Midlife Orphan - Read 52 Books in 52 Weeks - Week 46

This week I finished reading Midlife Orphan - Facing Life's Changes Now That your Parents Are Gone by Jane Brooks for the 46th week of the Read 52 Books in 52 Weeks challenge.

This book is perhaps one of the better ones that I've read so far about the subject, and captures many of the feelings I have and am experiencing now that both my parents have died.

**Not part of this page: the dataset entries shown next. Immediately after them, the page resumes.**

text \<open>The recurrence for qterm, with the shift j separated out so that after multiplying by
  the j-th alternating weights the last summand is absorbed (see alt_sum_absorb).\<close>
lemma qterm_Suc:
  "qterm k (Suc n) l * (1 + (real k + 1) * real n) =
   (1 + (real k + 1) * real n - ((real k + 1) * (real j + 1) - 1)) * qterm k n l
   + (1 + (real k + 1) * real n) + (real k + 1) * ((real j - real l) * qterm k n l)"
proof -
  let ?W = "1 + (real k + 1) * real n"
  let ?c = "(real k + 1) * (real l + 1) + real k"
  have c: "?c > 0" by (simp add: add_pos_nonneg)
  have "qterm k (Suc n) l * ?W = ((1 + (real k + 1) * real (Suc n)) * ?W - binom_ratio k (Suc n) l * ?W) / ?c"
    unfolding qterm_def by (simp add: field_simps)
  also have "\<dots> = ((1 + (real k + 1) * real (Suc n)) * ?W
                   - binom_ratio k n l * ((real k + 1) * (real n - real l - 1) + 2)) / ?c"
    by (simp only: binom_ratio_Suc)
  also have "\<dots> = (?W + (real k + 1)) * qterm k n l + binom_ratio k n l"
    unfolding qterm_def using c by (simp add: field_simps)
  finally have "qterm k (Suc n) l * ?W = (?W + (real k + 1)) * qterm k n l + binom_ratio k n l" .
  moreover have "?c * qterm k n l = ?W - binom_ratio k n l"
    unfolding qterm_def using c by simp
  ultimately show ?thesis by (simp add: algebra_simps)
qed

lemma prefactor_step:
  assumes "j \<ge> 1"
  shows "(real k + 1) * real j * prefactor k (Suc j) = prefactor k j * ((real k + 1) * real j - 1)"
proof -
  obtain i where j: "j = Suc i" using assms by (cases j) auto
  let ?x = "real j - 1 / (real k + 1)"
  have "real j * (?x gchoose j) = ?x * ((?x - 1) gchoose i)"
    using gbinomial_absorption[of i ?x] j by simp
  moreover have "prefactor k (Suc j) = ?x gchoose j" "prefactor k j = (?x - 1) gchoose i"
    unfolding prefactor_def j by (simp_all add: algebra_simps)
  moreover have "(real k + 1) * ?x = (real k + 1) * real j - 1" by (simp add: field_simps)
  ultimately show ?thesis by (metis mult.assoc mult.commute)
qed

lemma mean_count_Suc:
  assumes m: "m \<ge> 1"
  shows "mean_count k (Suc n) m * (1 + (real k + 1) * real n) =
     mean_count k n m * (1 + (real k + 1) * real n - ((real k + 1) * real m - 1))
   + (if m \<ge> 2 then mean_count k n (m - 1) * ((real k + 1) * real (m - 1) - 1) else 0)
   + (if m = 1 then 1 + (real k + 1) * real n else 0)"
proof -
  obtain j where mj: "m = Suc j" using m by (cases m) auto
  let ?W = "1 + (real k + 1) * real n"
  let ?V = "?W - ((real k + 1) * (real j + 1) - 1)"
  have "mean_count k (Suc n) m * ?W = prefactor k m * alt_sum j (\<lambda>l. qterm k (Suc n) l * ?W)"
    unfolding mean_count_def mj using alt_sum_cmult[of j ?W "qterm k (Suc n)"] by (simp add: mult_ac)
  also have "alt_sum j (\<lambda>l. qterm k (Suc n) l * ?W)
             = ?V * alt_sum j (qterm k n) + (if j = 0 then ?W else 0)
               + (real k + 1) * (real j * alt_sum (j - 1) (qterm k n))"
    unfolding qterm_Suc[of k n _ j] alt_sum_add alt_sum_cmult alt_sum_const alt_sum_absorb
    by (cases "j = 0") simp_all
  also have "prefactor k m * (?V * alt_sum j (qterm k n) + (if j = 0 then ?W else 0)
             + (real k + 1) * (real j * alt_sum (j - 1) (qterm k n)))
    = mean_count k n m * ?V + (if j = 0 then ?W else 0)
      + (if j \<ge> 1 then mean_count k n j * ((real k + 1) * real j - 1) else 0)"
  proof (cases "j \<ge> 1")
    case True
    have "prefactor k m * ((real k + 1) * (real j * alt_sum (j - 1) (qterm k n)))
          = ((real k + 1) * real j * prefactor k (Suc j)) * alt_sum (j - 1) (qterm k n)"
      by (simp add: mj mult_ac)
    also have "\<dots> = mean_count k n j * ((real k + 1) * real j - 1)"
      unfolding prefactor_step[OF True] mean_count_def by (simp add: mult_ac)
    finally show ?thesis using True mj unfolding mean_count_def[of k n m] by (simp add: algebra_simps)
  next
    case False
    hence "j = 0" by simp
    thus ?thesis by (simp add: mean_count_def mj prefactor_def)
  qed
  finally show ?thesis using mj by (simp add: algebra_simps)
qed

lemma desc_count_eq_mean_count:
  "m \<ge> 1 \<Longrightarrow> real (desc_count k n m) = mean_count k n m * real (card (oktrees k n))"
proof (induction n arbitrary: m)
  case 0
  thus ?case by (simp add: desc_count_def mean_count_def qterm_0 alt_sum_def)
next
  case (Suc n)
  let ?W = "1 + (real k + 1) * real n"
  let ?T = "real (card (oktrees k n))"
  have prev: "real (desc_count k n (m - 1)) = (if m \<ge> 2 then mean_count k n (m - 1) * ?T else 0)"
    using Suc.IH[of "m - 1"] desc_count_0[of k n] by (cases "m \<ge> 2") auto
  have "real (desc_count k (Suc n) m) =
        ?T * (mean_count k n m * (?W - ((real k + 1) * real m - 1))
        + (if m \<ge> 2 then mean_count k n (m - 1) * ((real k + 1) * real (m - 1) - 1) else 0)
        + (if m = 1 then ?W else 0))"
    unfolding desc_count_Suc[OF Suc.prems] prev Suc.IH[OF Suc.prems] by (simp add: algebra_simps)
  also have "\<dots> = mean_count k (Suc n) m * real (card (oktrees k (Suc n)))"
    unfolding mean_count_Suc[OF Suc.prems, symmetric] card_oktrees_Suc by (simp add: algebra_simps)
  finally show ?case .
qed

lemma pmf_Xbar_mean_count:
  assumes n: "n \<ge> 1" and m: "m \<ge> 1"
  shows "pmf (Xbar k n) m = mean_count k n m / real n"
  unfolding pmf_Xbar_desc_count[OF n] desc_count_eq_mean_count[OF m]
  using card_oktrees_pos[of k n] by simp

lemma mean_count_formula:
  "mean_count k n m / real n =
     ((real m - 1 - 1 / (real k + 1)) gchoose (m - 1))
       / (real n * ((real n - real k / (real k + 1)) gchoose n))
     * (\<Sum>l = 0..m - 1. real ((m - 1) choose l) * (-1) ^ l
           / ((real k + 1) * (real l + 1) + real k)
           * (((real n + 1 / (real k + 1)) gchoose n)
              - ((real n - real l - 2 + 2 / (real k + 1)) gchoose n)))"
proof -
  have G: "norm_binom k n > 0" by (rule norm_binom_pos)
  have summand: "real ((m - 1) choose l) * (-1) ^ l / ((real k + 1) * (real l + 1) + real k)
                   * (((real n + 1 / (real k + 1)) gchoose n)
                      - ((real n - real l - 2 + 2 / (real k + 1)) gchoose n))
                 = norm_binom k n * (real ((m - 1) choose l) * (-1) ^ l * qterm k n l)" for l
  proof -
    have "(real n - real l - 2 + 2 / (real k + 1)) gchoose n = binom_ratio k n l * norm_binom k n"
      unfolding binom_ratio_def using G by simp
    thus ?thesis unfolding first_binom_eq qterm_def by (simp add: algebra_simps)
  qed
  show ?thesis
    unfolding summand sum_distrib_left[symmetric] mean_count_def alt_sum_def atLeast0AtMost
      prefactor_def[symmetric] norm_binom_def[symmetric]
    using G by (simp add: field_simps)
qed


section \<open>The limit of the point probabilities\<close>

text \<open>For n > l the binomial ratio does not grow: its recurrence factor lies in [0, 1].\<close>
lemma binom_ratio_step_le:
  assumes n: "n \<ge> Suc l"
  shows "\<bar>binom_ratio k (Suc n) l\<bar> \<le> \<bar>binom_ratio k n l\<bar>"
proof -
  define a where "a = real k + 1"
  define W where "W = 1 + a * real n"
  define r where "r = a * (real n - real l - 1) + 2"
  have a: "a \<ge> 1" unfolding a_def by simp
  have W: "W > 0" unfolding W_def using a by (simp add: add_pos_nonneg)
  have r0: "r \<ge> 0" unfolding r_def using a n by simp
  have "1 * 1 \<le> a * (real l + 1)" using a by (intro mult_mono) auto
  hence rW: "r \<le> W" unfolding r_def W_def by (simp add: algebra_simps)
  have "\<bar>binom_ratio k (Suc n) l\<bar> * W = \<bar>binom_ratio k n l\<bar> * r"
    using arg_cong[OF binom_ratio_Suc[of k n l], of abs] W r0
    unfolding W_def r_def a_def by (simp add: abs_mult)
  also have "\<dots> \<le> \<bar>binom_ratio k n l\<bar> * W" using rW by (simp add: mult_left_mono)
  finally show ?thesis using W by simp
qed
lemma rho_row_cases:
  assumes "2 \<le> n"
  obtains (upper) "r \<le> n - 2" | (n_minus_1) "r = n - 1" | (n) "r = n"
    | (lower) i where "r = i + n" "1 \<le> i" "i \<le> n - 2" | (beyond) "msize n < r"
proof -
  have "r \<le> n - 2 \<or> r = n - 1 \<or> r = n
      \<or> (r = (r - n) + n \<and> 1 \<le> r - n \<and> r - n \<le> n - 2) \<or> msize n < r"
    using assms by (auto simp: msize_def)
  then show ?thesis
    using that by blast
qed

lemma rho_column_cases:
  fixes c n :: nat
  obtains (zero) "c = 0" | (left) "1 \<le> c" "c \<le> n - 2" | (n_minus_1) "c = n - 1" | (n) "c = n"
    | (right) "n < c"
  by linarith

lemma sum_msize_eq_middle_terms:
  fixes f :: "nat \<Rightarrow> 'a::comm_monoid_add"
  assumes "2 \<le> n" and "\<And>k. k \<le> n - 2 \<or> n < k \<Longrightarrow> f k = 0"
  shows "(\<Sum>k\<in>{1..msize n}. f k) = f (n - 1) + f n"
proof -
  have "(\<Sum>k\<in>{1..msize n}. f k) = (\<Sum>k\<in>{n - 1, n}. f k)"
    using assms(1) by (intro sum.mono_neutral_right ballI assms(2)) (auto simp: msize_def)
  then show ?thesis
    using assms(1) by simp
qed

lemma mcomm_rho:
  assumes "2 \<le> n"
  shows "mcomm n (rho n u) (rho n v) r c =
    rho n u r (n - 1) * rho n v (n - 1) c + rho n u r n * rho n v n c
    - rho n v r (n - 1) * rho n u (n - 1) c - rho n v r n * rho n u n c"
proof -
  have "mmul n (rho n u) (rho n v) r c =
      rho n u r (n - 1) * rho n v (n - 1) c + rho n u r n * rho n v n c"
    for u v :: "gb \<Rightarrow> 'a"
    unfolding mmul_def using assms by (rule sum_msize_eq_middle_terms) (auto simp: rho_eq_zero)
  then show ?thesis
    by (simp add: mcomm_def)
qed
lemma sum_le_if_at_most_one_large:
  fixes g :: "'a \<Rightarrow> real"
  assumes "finite I" and g: "\<forall>i\<in>I. 0 \<le> g i \<and> g i \<le> A" and "0 \<le> A" "0 \<le> B"
    and one_large: "\<forall>i\<in>I. \<forall>j\<in>I. B \<le> g i \<and> B \<le> g j \<longrightarrow> i = j"
  shows "sum g I \<le> A + real (card I) * B"
proof (cases "\<exists>i0\<in>I. B \<le> g i0")
  case True
  then obtain i0 where i0: "i0 \<in> I" "B \<le> g i0" by blast
  have "sum g I = g i0 + sum g (I - {i0})"
    using i0 \<open>finite I\<close> by (simp add: sum.remove)
  also have "sum g (I - {i0}) \<le> real (card (I - {i0})) * B"
    using one_large i0 by (intro sum_bounded_above) (metis DiffE insertCI not_le order.strict_implies_order)
  also have "\<dots> \<le> real (card I) * B"
    using \<open>finite I\<close> \<open>0 \<le> B\<close> by (intro mult_right_mono) (auto intro: card_mono)
  finally have "sum g I \<le> g i0 + real (card I) * B" by simp
  moreover have "g i0 \<le> A" using g i0(1) by blast
  ultimately show ?thesis by simp
next
  case False
  then have "sum g I \<le> real (card I) * B"
    by (intro sum_bounded_above) (simp add: not_le less_imp_le)
  then show ?thesis using \<open>0 \<le> A\<close> by simp
qed
lemma measurable_chan [measurable]: "(\<lambda>\<omega>. chan \<omega> l) \<in> borel_measurable (chan_space Nt L)"
proof -
  have support: "Measurable.pred (chan_space Nt L) (\<lambda>\<omega>. l \<in> fst \<omega>)"
  proof -
    have "(\<lambda>I. l \<in> I) \<in> measurable (measure_pmf (pmf_of_set (path_sets Nt L))) (count_space UNIV)"
      by simp
    from measurable_compose[OF measurable_fst this] show ?thesis by (simp add: chan_space_eq)
  qed
  have coeff: "(\<lambda>\<omega>. snd \<omega> l) \<in> borel_measurable (chan_space Nt L)"
  proof (cases "l \<in> {1..Nt}")
    case True
    from measurable_compose[OF measurable_snd measurable_coeff_space_component[OF True]]
    show ?thesis by (simp add: chan_space_eq)
  next
    case False
    then have "\<And>\<omega>. \<omega> \<in> space (chan_space Nt L) \<Longrightarrow> snd \<omega> l = undefined"
      by (auto simp: chan_space_def space_pair_measure space_PiM PiE_def extensional_def)
    then show ?thesis
      using measurable_cong[of "chan_space Nt L" "\<lambda>\<omega>. snd \<omega> l" "\<lambda>_. undefined" borel] by simp
  qed
  show ?thesis unfolding chan_def using support coeff by measurable
qed

text \<open>The maximum over subsets in \<^const>\<open>top_energy\<close> rewritten with quantifiers over finite
  sets only, which the measurability prover can handle.\<close>
lemma stops_iff_bounded_quantifiers:
  "stops Nt NRF \<alpha> h i \<longleftrightarrow> h i \<noteq> 0 \<and>
   (\<exists>B\<in>Pow {1..i}. (\<forall>l\<in>{1..i}. l \<in> B \<longleftrightarrow> h l \<noteq> 0) \<and>
      (\<exists>S\<in>Pow {1..i}. S \<subseteq> B \<and> card S = min NRF (card B) \<and>
         \<alpha> / real Nt < (\<Sum>l\<in>S. (cmod (h l))\<^sup>2)))"
proof -
  define B where "B = Bset h i"
  have B: "B \<in> Pow {1..i}" "\<forall>l\<in>{1..i}. l \<in> B \<longleftrightarrow> h l \<noteq> 0"
    unfolding B_def Bset_def by auto
  then have B_unique: "\<And>B'. B' \<in> Pow {1..i} \<Longrightarrow> (\<forall>l\<in>{1..i}. l \<in> B' \<longleftrightarrow> h l \<noteq> 0) \<Longrightarrow> B' = B"
    by auto
  let ?F = "{S. S \<subseteq> B \<and> card S = min NRF (card B)}"
  have "finite B" using B(1) finite_subset by auto
  then have "finite ?F" by (auto intro: finite_subset[of _ "Pow B"])
  moreover have "?F \<noteq> {}"
    using obtain_subset_with_card_n[of "min NRF (card B)" B] by auto
  ultimately have "\<alpha> / real Nt < top_energy NRF h i \<longleftrightarrow>
      (\<exists>S\<in>?F. \<alpha> / real Nt < (\<Sum>l\<in>S. (cmod (h l))\<^sup>2))"
    unfolding top_energy_def B_def[symmetric] by (subst Max_gr_iff) auto
  also have "\<dots> \<longleftrightarrow> (\<exists>S\<in>Pow {1..i}. S \<subseteq> B \<and> card S = min NRF (card B) \<and>
      \<alpha> / real Nt < (\<Sum>l\<in>S. (cmod (h l))\<^sup>2))"
    using B(1) by auto
  finally show ?thesis unfolding stops_def using B B_unique by metis
qed

lemma measurable_stops [measurable]:
  "Measurable.pred (chan_space Nt L) (\<lambda>\<omega>. stops Nt NRF \<alpha> (chan \<omega>) i)"
  unfolding stops_iff_bounded_quantifiers by measurable

lemma first_index_or_default_eq_iff:
  "(if \<exists>i\<in>{1..N}. P i then (LEAST i. i \<in> {1..N} \<and> P i) else N) = (k::nat) \<longleftrightarrow>
   (k \<in> {1..N} \<and> P k \<and> (\<forall>j\<in>{1..N}. j < k \<longrightarrow> \<not> P j)) \<or> ((\<forall>i\<in>{1..N}. \<not> P i) \<and> k = N)"
proof (cases "\<exists>i\<in>{1..N}. P i")
  case True
  then obtain i where "i \<in> {1..N}" "P i" ..
  define m where "m = (LEAST i. i \<in> {1..N} \<and> P i)"
  have m: "m \<in> {1..N} \<and> P m"
    unfolding m_def by (rule LeastI[of _ i]) (use \<open>i \<in> {1..N}\<close> \<open>P i\<close> in simp)
  have m_least: "\<And>j. j \<in> {1..N} \<Longrightarrow> P j \<Longrightarrow> m \<le> j"
    unfolding m_def by (rule Least_le) simp
  have "m = k \<longleftrightarrow> k \<in> {1..N} \<and> P k \<and> (\<forall>j\<in>{1..N}. j < k \<longrightarrow> \<not> P j)"
  proof
    assume "m = k"
    with m m_least show "k \<in> {1..N} \<and> P k \<and> (\<forall>j\<in>{1..N}. j < k \<longrightarrow> \<not> P j)"
      by (meson leD)
  next
    assume "k \<in> {1..N} \<and> P k \<and> (\<forall>j\<in>{1..N}. j < k \<longrightarrow> \<not> P j)"
    with m m_least show "m = k" by (meson le_antisym not_less)
  qed
  then show ?thesis using True unfolding m_def[symmetric] by auto
qed auto

lemma measurable_train_len [measurable]:
  "(\<lambda>\<omega>. real (train_len Nt NRF \<alpha> (chan \<omega>))) \<in> borel_measurable (chan_space Nt L)"
proof -
  have "(\<lambda>\<omega>. train_len Nt NRF \<alpha> (chan \<omega>)) \<in> measurable (chan_space Nt L) (count_space UNIV)"
  proof (rule measurable_count_space_eq2_countable[THEN iffD2], safe)
    fix k :: nat
    have "Measurable.pred (chan_space Nt L) (\<lambda>\<omega>. train_len Nt NRF \<alpha> (chan \<omega>) = k)"
      unfolding train_len_def first_index_or_default_eq_iff by measurable
    then show "(\<lambda>\<omega>. train_len Nt NRF \<alpha> (chan \<omega>)) -` {k} \<inter> space (chan_space Nt L)
        \<in> sets (chan_space Nt L)"
      unfolding pred_def by (simp add: vimage_def Int_def conj_commute)
  qed auto
  then show ?thesis by measurable
qed

section \<open>Deterministic bounds on the training length\<close>

lemma train_len_cases:
  obtains (stopped) "train_len Nt NRF \<alpha> h \<in> {1..Nt}" "stops Nt NRF \<alpha> h (train_len Nt NRF \<alpha> h)"
    "\<forall>j\<in>{1..Nt}. j < train_len Nt NRF \<alpha> h \<longrightarrow> \<not> stops Nt NRF \<alpha> h j"
  | (never) "train_len Nt NRF \<alpha> h = Nt" "\<forall>i\<in>{1..Nt}. \<not> stops Nt NRF \<alpha> h i"
  using first_index_or_default_eq_iff[of Nt "stops Nt NRF \<alpha> h" "train_len Nt NRF \<alpha> h"]
  unfolding train_len_def[symmetric] by blast

lemma train_len_le: "train_len Nt NRF \<alpha> h \<le> Nt"
  by (cases rule: train_len_cases[of Nt NRF \<alpha> h]) auto

lemma le_train_len:
  assumes "m \<le> Nt" and "\<And>l. 1 \<le> l \<Longrightarrow> l < m \<Longrightarrow> h l = 0"
  shows "m \<le> train_len Nt NRF \<alpha> h"
proof (cases rule: train_len_cases[of Nt NRF \<alpha> h])
  case stopped
  then show ?thesis using assms(2) by (meson atLeastAtMost_iff not_le stops_def)
qed (use assms in simp)

lemma train_len_le_first_nonzero:
  assumes m: "m \<in> {1..Nt}" and before: "\<And>l. 1 \<le> l \<Longrightarrow> l < m \<Longrightarrow> h l = 0"
    and large: "\<alpha> / real Nt < (cmod (h m))\<^sup>2" and "\<alpha> \<ge> 0" and "NRF \<ge> 1"
  shows "train_len Nt NRF \<alpha> h \<le> m"
proof -
  have "0 \<le> \<alpha> / real Nt" using \<open>\<alpha> \<ge> 0\<close> by simp
  then have "h m \<noteq> 0" using large by auto
  then have "Bset h m = {m}"
    using before m by (force simp: Bset_def)
  then have "{S. S \<subseteq> Bset h m \<and> card S = min NRF (card (Bset h m))} = {{m}}"
    using \<open>NRF \<ge> 1\<close> by (auto simp: card_1_singleton_iff)
  then have "top_energy NRF h m = (cmod (h m))\<^sup>2"
    unfolding top_energy_def by simp
  then have "stops Nt NRF \<alpha> h m" using \<open>h m \<noteq> 0\<close> large by (simp add: stops_def)
  show ?thesis
  proof (cases rule: train_len_cases[of Nt NRF \<alpha> h])
    case stopped
    then show ?thesis using m \<open>stops Nt NRF \<alpha> h m\<close> by (meson not_le)
  qed (use m \<open>stops Nt NRF \<alpha> h m\<close> in auto)
qed

section \<open>Small-ball estimate for the complex Gaussian\<close>

lemma normal_density_le: "normal_density \<mu> \<sigma> x \<le> 1 / sqrt (2 * pi * \<sigma>\<^sup>2)"
  unfolding normal_density_def by (rule mult_left_le) auto

lemma emeasure_normal_interval_le:
  assumes "r \<ge> 0"
  shows "emeasure (density lborel (normal_density \<mu> \<sigma>)) {-r..r}
    \<le> ennreal (2 * r / sqrt (2 * pi * \<sigma>\<^sup>2))"
proof -
  have "emeasure (density lborel (normal_density \<mu> \<sigma>)) {-r..r}
      = (\<integral>\<^sup>+x. ennreal (normal_density \<mu> \<sigma> x) * indicator {-r..r} x \<partial>lborel)"
    by (subst emeasure_density) auto
  also have "\<dots> \<le> (\<integral>\<^sup>+x. ennreal (1 / sqrt (2 * pi * \<sigma>\<^sup>2)) * indicator {-r..r} x \<partial>lborel)"
    by (intro nn_integral_mono) (auto simp: normal_density_le split: split_indicator)
  also have "\<dots> = ennreal (2 * r / sqrt (2 * pi * \<sigma>\<^sup>2))"
    using assms by (simp add: nn_integral_cmult_indicator ennreal_mult[symmetric])
  finally show ?thesis .
qed

lemma measurable_Complex_pair [measurable]:
  assumes "sets M = sets borel" and "sets N = sets borel"
  shows "(\<lambda>(x, y). Complex x y) \<in> borel_measurable (M \<Otimes>\<^sub>M N)"
proof -
  have "(\<lambda>(x, y). Complex x y) = (\<lambda>p. complex_of_real (fst p) + \<i> * complex_of_real (snd p))"
    by (auto simp: complex_eq_iff)
  then show ?thesis
    using assms by (simp add: measurable_cong_sets[OF sets_pair_measure_cong[OF assms] refl])
qed

lemma prob_space_cgauss:
  assumes "v > 0"
  shows "prob_space (cgauss v)"
proof -
  let ?N = "density lborel (normal_density 0 (sqrt (v / 2)))"
  interpret prob_space ?N using assms by (intro prob_space_normal_density) auto
  interpret pair_prob_space ?N ?N ..
  show ?thesis unfolding cgauss_def by (intro prob_space_distr measurable_Complex_pair) auto
qed

lemma measure_cgauss_small_ball_le:
  assumes "v > 0" and "c \<ge> 0"
  shows "measure (cgauss v) {z. (cmod z)\<^sup>2 \<le> c} \<le> 4 * c / v"
proof -
  define \<sigma> where "\<sigma> = sqrt (v / 2)"
  have "\<sigma> > 0" using assms by (simp add: \<sigma>_def)
  let ?N = "density lborel (normal_density 0 \<sigma>)"
  interpret N: prob_space ?N using \<open>\<sigma> > 0\<close> by (intro prob_space_normal_density) auto
  let ?A = "{- sqrt c..sqrt c}"
  have square: "(\<lambda>(x, y). Complex x y) -` {z. (cmod z)\<^sup>2 \<le> c} \<subseteq> ?A \<times> ?A"
  proof
    fix p assume "p \<in> (\<lambda>(x, y). Complex x y) -` {z. (cmod z)\<^sup>2 \<le> c}"
    then obtain a b where p: "p = (a, b)" and "(cmod (Complex a b))\<^sup>2 \<le> c" by (cases p) auto
    then have "a\<^sup>2 + b\<^sup>2 \<le> c" by (simp add: cmod_def)
    then have "a\<^sup>2 \<le> c" "b\<^sup>2 \<le> c" using zero_le_power2[of a] zero_le_power2[of b] by linarith+
    then have "\<bar>a\<bar> \<le> sqrt c" "\<bar>b\<bar> \<le> sqrt c" by (metis power2_abs real_le_rsqrt)+
    then show "p \<in> ?A \<times> ?A" using p by auto
  qed
  have "emeasure (cgauss v) {z. (cmod z)\<^sup>2 \<le> c}
      = emeasure (?N \<Otimes>\<^sub>M ?N) ((\<lambda>(x, y). Complex x y) -` {z. (cmod z)\<^sup>2 \<le> c} \<inter> space (?N \<Otimes>\<^sub>M ?N))"
    unfolding cgauss_def \<sigma>_def[symmetric] by (rule emeasure_distr) auto
  also have "\<dots> \<le> emeasure (?N \<Otimes>\<^sub>M ?N) (?A \<times> ?A)"
    by (rule emeasure_mono[OF order_trans[OF Int_lower1 square]]) simp
  also have "\<dots> = emeasure ?N ?A * emeasure ?N ?A"
    by (rule N.emeasure_pair_measure_Times) auto
  also have "\<dots> \<le> ennreal (2 * sqrt c / sqrt (2 * pi * \<sigma>\<^sup>2)) * ennreal (2 * sqrt c / sqrt (2 * pi * \<sigma>\<^sup>2))"
    using emeasure_normal_interval_le[of "sqrt c" 0 \<sigma>] assms by (intro mult_mono) auto
  also have "\<dots> = ennreal (4 * c / (2 * pi * \<sigma>\<^sup>2))"
    using assms \<open>\<sigma> > 0\<close> by (simp add: ennreal_mult[symmetric] real_sqrt_mult[symmetric])
  also have "\<dots> \<le> ennreal (4 * c / v)"
    using assms pi_gt3 by (intro ennreal_leI divide_left_mono) (auto simp: \<sigma>_def)
  finally show ?thesis using assms by (simp add: measure_def enn2real_leI)
qed

lemma prob_space_coeff_space: "L \<ge> 1 \<Longrightarrow> prob_space (coeff_space Nt L)"
  unfolding coeff_space_def by (intro prob_space_PiM prob_space_cgauss) auto

lemma measure_coeff_space_small_le:
  assumes "L \<ge> 1" and "m \<in> {1..Nt}" and "c \<ge> 0"
  shows "measure (coeff_space Nt L) {g \<in> space (coeff_space Nt L). (cmod (g m))\<^sup>2 \<le> c} \<le> 4 * c * real L"
proof -
  interpret product_prob_space "\<lambda>_. cgauss (1 / real L)" "{1..Nt}"
    using prob_space_cgauss[of "1 / real L"] assms(1)
    by (intro product_prob_spaceI prob_space_imp_sigma_finite) auto
  have "{z. (cmod z)\<^sup>2 \<le> c} \<in> sets (cgauss (1 / real L))" by (simp only: sets_cgauss) measurable
  from emeasure_PiM_Collect_single[OF assms(2) this]
  have "measure (coeff_space Nt L) {g \<in> space (coeff_space Nt L). (cmod (g m))\<^sup>2 \<le> c}
      = measure (cgauss (1 / real L)) {z. (cmod z)\<^sup>2 \<le> c}"
    by (simp add: coeff_space_def measure_def)
  also have "\<dots> \<le> 4 * c * real L"
    using measure_cgauss_small_ball_le[of "1 / real L" c] assms by simp
  finally show ?thesis .
qed

section \<open>Position of the first path\<close>

lemma card_path_sets: "card (path_sets n L) = n choose L"
  unfolding path_sets_def by (subst n_subsets) auto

Some of the key points that resonated with me include:
- Who is ever ready for death? Maybe the best we can do is to say "it's time" when a loved one's suffering is too painful to watch. This allows us to let go of the physical presence. Letting go emotionally is much more complicated.
- Recognizing that you are now an orphan is one of the issues that is unique to the loss of the last parent.
- What really defines an orphan...is the loneliness, the sense of abandonment, and the constant longing.
- There's an aloneness like you've never felt before when your last parent dies. These are the people who cared about you beyond anything you can imagine. It's just like the way you care about your own kids. Once your parents are gone, there's nobody else who will ever be there for you like that, not even your spouse.
- We are grieving for our family of origin - the last attachment to our childhood.
- The second half of life is to refocus our life around a new set of values. In contrast to the more materialistic, extroverted values of earlier years, these are values that are spiritual in nature.
- In the face of the deadline brought to our attention by our last parent's death, we find ourselves turning outward with renewed purpose and vigor. After all, there is much to do and no time to waste.
- Ars Moriendi - a model for "the good death."
- After the last parent dies and the public mourning ends, adult orphans tend to turn inward to deal with this unique loss. We find ourselves mourning privately, reflecting on our parents and our childhood but keeping our feelings and thoughts largely to ourselves.
- We stop looking back with longing and instead begin to examine who we are now - minus parents - and where we're heading. Altered indelibly by the loss of our parents, we have grown up. And with that growth, we begin to assess our legacy, the inheritance that goes beyond money and possessions. We sift through the legacy of values, memories, and traditions.
- In our initial grief over the loss of the last parent, we don't have much energy for relationships. if the family doesn't make an effort to reach out to us, we are likely to let the relationship go.
- Midlife orphans will navigate through uncharted rivers of change until we find peace with our parents and with ourselves. As we step to the helm, this becomes our course.

1 comment:

Rita said...

This book sounds perfect for you right now. :)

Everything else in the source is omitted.